The study also yielded positive results: the mRNA-filled nanoparticles were effective, successfully turning off the targeted gene in sixty percent of liver cells. Moreover, all the mRNA-treated mice survived, with no negative health effects observed. Mastrobattista: "Others have reported similar positive results before. From my point of view, the reason this article has gained so much attention is because the negative results are finally being shared."

Mastrobattista says that he recently presented the results at a conference, where several attendees approached him to share that they had encountered similar negative results in their own experiments—but no one had published those findings. "This illustrates the so-called publication bias, where only successful experiments are shared," he explains. "However, it is also important to publish results when something does not work, as it helps prevent the unnecessary duplication of effort and saves time and money. Moreover, it prevents a lot of suffering in laboratory animals."

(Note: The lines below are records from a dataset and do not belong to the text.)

lemma (in group) subset_AutS_Cyc:
  assumes K: "subgroup K (AutoGroup G)"
  shows "K \<subseteq> AutS G (Cyc K G)"
proof
  fix k assume k: "k \<in> K"
  then have "k \<in> auto G" using subgroup_AutoGroup_subset_auto[OF K] by blast
  then show "k \<in> AutS G (Cyc K G)"
    using rel_of_image_auto Cyc_image_eq[OF K k] Cyc_subset_carrier[OF K]
    by (simp add: AutS_def auto_def)
qed

lemma (in group) AutS_Cyc_decompose:
  assumes g: "is_generator G g" and K: "subgroup K (AutoGroup G)"
    and normal: "is_normal_S_ring G (Cyc K G)" and f: "f \<in> AutS G (Cyc K G)"
  obtains h \<sigma> where "h \<in> carrier G" "\<sigma> \<in> K"
    and "f = right_transl G h \<otimes>\<^bsub>BijGroup (carrier G)\<^esub> \<sigma>"
proof -
  let ?S = "Cyc K G" and ?B = "BijGroup (carrier G)"
  have A: "subgroup (AutS G ?S) ?B" using normal by (rule AutS_subgroup_if_normal)
  have r: "right_transl G c \<in> AutS G ?S" if "c \<in> carrier G" for c
    using G_right_subset_AutS_if_normal[OF normal] that by (auto simp: G_right_eq_image)
  have Bij: "\<phi> \<in> Bij (carrier G)" if "\<phi> \<in> AutS G ?S" for \<phi>
    using that by (simp add: AutS_def)
  have f_closed: "f x \<in> carrier G" if "x \<in> carrier G" for x
    using Bij[OF f] Bij_imp_funcset that by blast
  define h where "h = f \<one>"
  have h: "h \<in> carrier G" by (simp add: h_def f_closed)
  define f0 where "f0 = right_transl G (inv h) \<otimes>\<^bsub>?B\<^esub> f"
  have f0: "f0 \<in> AutS G ?S" using A r f h by (simp add: f0_def subgroup.m_closed)
  have f0_apply: "f0 x = f x \<otimes> inv h" if "x \<in> carrier G" for x
    using that Bij r f h f_closed by (simp add: f0_def BijGroup_mult_apply)
  have f0_one: "f0 \<one> = \<one>" using h by (simp add: f0_apply h_def)
  have f0_hom: "f0 \<in> hom G G"
    using hom_if_normalizes_right_transl f0_one AutS_normalizes_right_transl[OF normal f0]
      Bij[OF f0] Bij_imp_funcset by blast
  define T where "T = {\<sigma> g | \<sigma>. \<sigma> \<in> K}"
  have gC: "g \<in> carrier G" and gen: "generate G {g} = carrier G"
    using g by (auto simp: is_generator_def)
  have T: "T \<in> ?S" using gC by (auto simp: T_def Cyc_def)
  have "(\<lambda>x\<in>carrier G. x) \<in> K"
    using subgroup.one_closed[OF K] by (simp add: AutoGroup_def BijGroup_def)
  then have "(\<lambda>x\<in>carrier G. x) g \<in> T" unfolding T_def by blast
  then have "g \<in> T" using gC by simp
  then have "f0 g \<in> T"
    by (rule AutS_stabilizer_preserves_basic_set[OF f0 T Cyc_subset_carrier[OF K T] f0_one])
  then obtain \<sigma> where \<sigma>: "\<sigma> \<in> K" and f0_g: "f0 g = \<sigma> g" by (auto simp: T_def)
  have \<sigma>_auto: "\<sigma> \<in> auto G" using subgroup_AutoGroup_subset_auto[OF K] \<sigma> by blast
  have f0_eq_\<sigma>: "f0 x = \<sigma> x" if "x \<in> carrier G" for x
  proof (rule hom_eq_on_generate[where A = "{g}", OF is_group f0_hom])
    show "\<sigma> \<in> hom G G" using \<sigma>_auto by (simp add: auto_def)
  qed (use gC f0_g gen that in auto)
  have "f = right_transl G h \<otimes>\<^bsub>?B\<^esub> \<sigma>"
  proof (rule Bij_eqI)
    show "right_transl G h \<otimes>\<^bsub>?B\<^esub> \<sigma> \<in> Bij (carrier G)"
      using r[OF h] Bij \<sigma>_auto by (simp add: BijGroup_def auto_def compose_Bij)
  next
    fix x assume x: "x \<in> carrier G"
    have "\<sigma> x \<in> carrier G" using \<sigma>_auto x Bij_imp_funcset by (fastforce simp: auto_def)
    then have "(right_transl G h \<otimes>\<^bsub>?B\<^esub> \<sigma>) x = f0 x \<otimes> h"
      using Bij r[OF h] \<sigma>_auto x f0_eq_\<sigma> by (simp add: auto_def BijGroup_mult_apply)
    also have "\<dots> = f x" using x f_closed h by (simp add: f0_apply m_assoc)
    finally show "f x = (right_transl G h \<otimes>\<^bsub>?B\<^esub> \<sigma>) x" ..
  qed (rule Bij[OF f])
  then show ?thesis using that h \<sigma> by blast
qed

lemma (in group) AutS_Cyc_eq_set_mult:
  assumes "is_generator G g" and K: "subgroup K (AutoGroup G)"
    and normal: "is_normal_S_ring G (Cyc K G)"
  shows "AutS G (Cyc K G) = G_right G <#>\<^bsub>BijGroup (carrier G)\<^esub> K"
proof
  show "AutS G (Cyc K G) \<subseteq> G_right G <#>\<^bsub>BijGroup (carrier G)\<^esub> K"
  proof
    fix f assume "f \<in> AutS G (Cyc K G)"
    then obtain h \<sigma> where "h \<in> carrier G" "\<sigma> \<in> K"
      and "f = right_transl G h \<otimes>\<^bsub>BijGroup (carrier G)\<^esub> \<sigma>"
      by (rule AutS_Cyc_decompose[OF assms])
    then show "f \<in> G_right G <#>\<^bsub>BijGroup (carrier G)\<^esub> K"
      by (auto simp: set_mult_def G_right_eq_image)
  qed
  show "G_right G <#>\<^bsub>BijGroup (carrier G)\<^esub> K \<subseteq> AutS G (Cyc K G)"
    using subgroup.m_closed[OF AutS_subgroup_if_normal[OF normal]]
      G_right_subset_AutS_if_normal[OF normal] subset_AutS_Cyc[OF K]
    by (auto simp: set_mult_def)
qed

lemma (in group) subgroup_AutS_group_Cyc:
  assumes K: "subgroup K (AutoGroup G)" and normal: "is_normal_S_ring G (Cyc K G)"
  shows "subgroup K (AutS_group G (Cyc K G))"
  unfolding AutS_group_def
  using group.subgroup_incl[OF group_BijGroup subgroup_AutoGroup_imp_subgroup_BijGroup[OF K]
      AutS_subgroup_if_normal[OF normal] subset_AutS_Cyc[OF K]] .

lemma (in group) G_right_Int_subgroup_AutoGroup:
  assumes K: "subgroup K (AutoGroup G)"
  shows "G_right G \<inter> K = {\<one>\<^bsub>BijGroup (carrier G)\<^esub>}"
proof -
  have "K \<subseteq> hom G G" using subgroup_AutoGroup_subset_auto[OF K] by (auto simp: auto_def)
  moreover have "\<one>\<^bsub>BijGroup (carrier G)\<^esub> \<in> K"
    using subgroup.one_closed[OF K] by (simp add: AutoGroup_def)
  ultimately show ?thesis using G_right_Int_hom by (auto simp: BijGroup_def)
qed

theorem lemma6p5:
  fixes G :: "('a, 'b) monoid_scheme" and K :: "('a \<Rightarrow> 'a) set" and S :: "'a set set"
  assumes "cyclic_grp G" and "finite (carrier G)"
    and "subgroup K (AutoGroup G)"
    and "S = Cyc K G"
    and "is_S_ring G S"
    and "is_normal_S_ring G S"
    and "trivial_radical G S"
  shows "AutS G S = G_right G <#>\<^bsub>BijGroup (carrier G)\<^esub> K
    \<and> is_semidirect (AutS_group G S) (G_right G) K"
proof -
  interpret group G using assms(1) by (simp add: cyclic_grp_def)
  obtain g where g: "is_generator G g" using assms(1) by (auto simp: cyclic_grp_def)
  have normal: "is_normal_S_ring G (Cyc K G)" using assms(4,6) by simp
  have "G_right G <#>\<^bsub>AutS_group G S\<^esub> K = G_right G <#>\<^bsub>BijGroup (carrier G)\<^esub> K"
    by (simp add: set_mult_def AutS_group_def)
  moreover have "\<one>\<^bsub>AutS_group G S\<^esub> = \<one>\<^bsub>BijGroup (carrier G)\<^esub>"
    by (simp add: AutS_group_def)
  ultimately show ?thesis
    using AutS_Cyc_eq_set_mult[OF g assms(3) normal] subgroup_AutS_group_Cyc[OF assms(3) normal]
      G_right_Int_subgroup_AutoGroup[OF assms(3)] assms(4,6)
    by (simp add: is_semidirect_def is_normal_S_ring_def AutS_group_def)
qed

end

We see potential solutions for working with protein, which is desirable because it is potentially safer.

Negative results

Publication bias occurs when researchers themselves do not share their negative results, or when journals deem these results unsuitable for publication. Mastrobattista knows why the negative results were published this time: “We also had positive results, which gave confidence that the experiment was done well.”

Johanna Walther currently works as project leader at the Netherlands Cancer Institute. Walther: “I have always appreciated that Enrico is a supervisor who encourages the publication of negative data. It also motivated me as a young scientist to realize that negative results can still be educational. The death of the mice was grim, but it also conveyed a clear message that needed to be shared.”

Further research

Despite the results, Mastrobattista remains undeterred. “CRISPR-Cas9 is of bacterial origin, so it is natural for the immune system to react to it,” he says. “We see potential solutions for working with protein, which is desirable because it is potentially safer. Perhaps the protein we used was not completely pure, which may have triggered a strong immune response. We could also modify the protein to reduce the immune reaction while ensuring it still functions effectively.”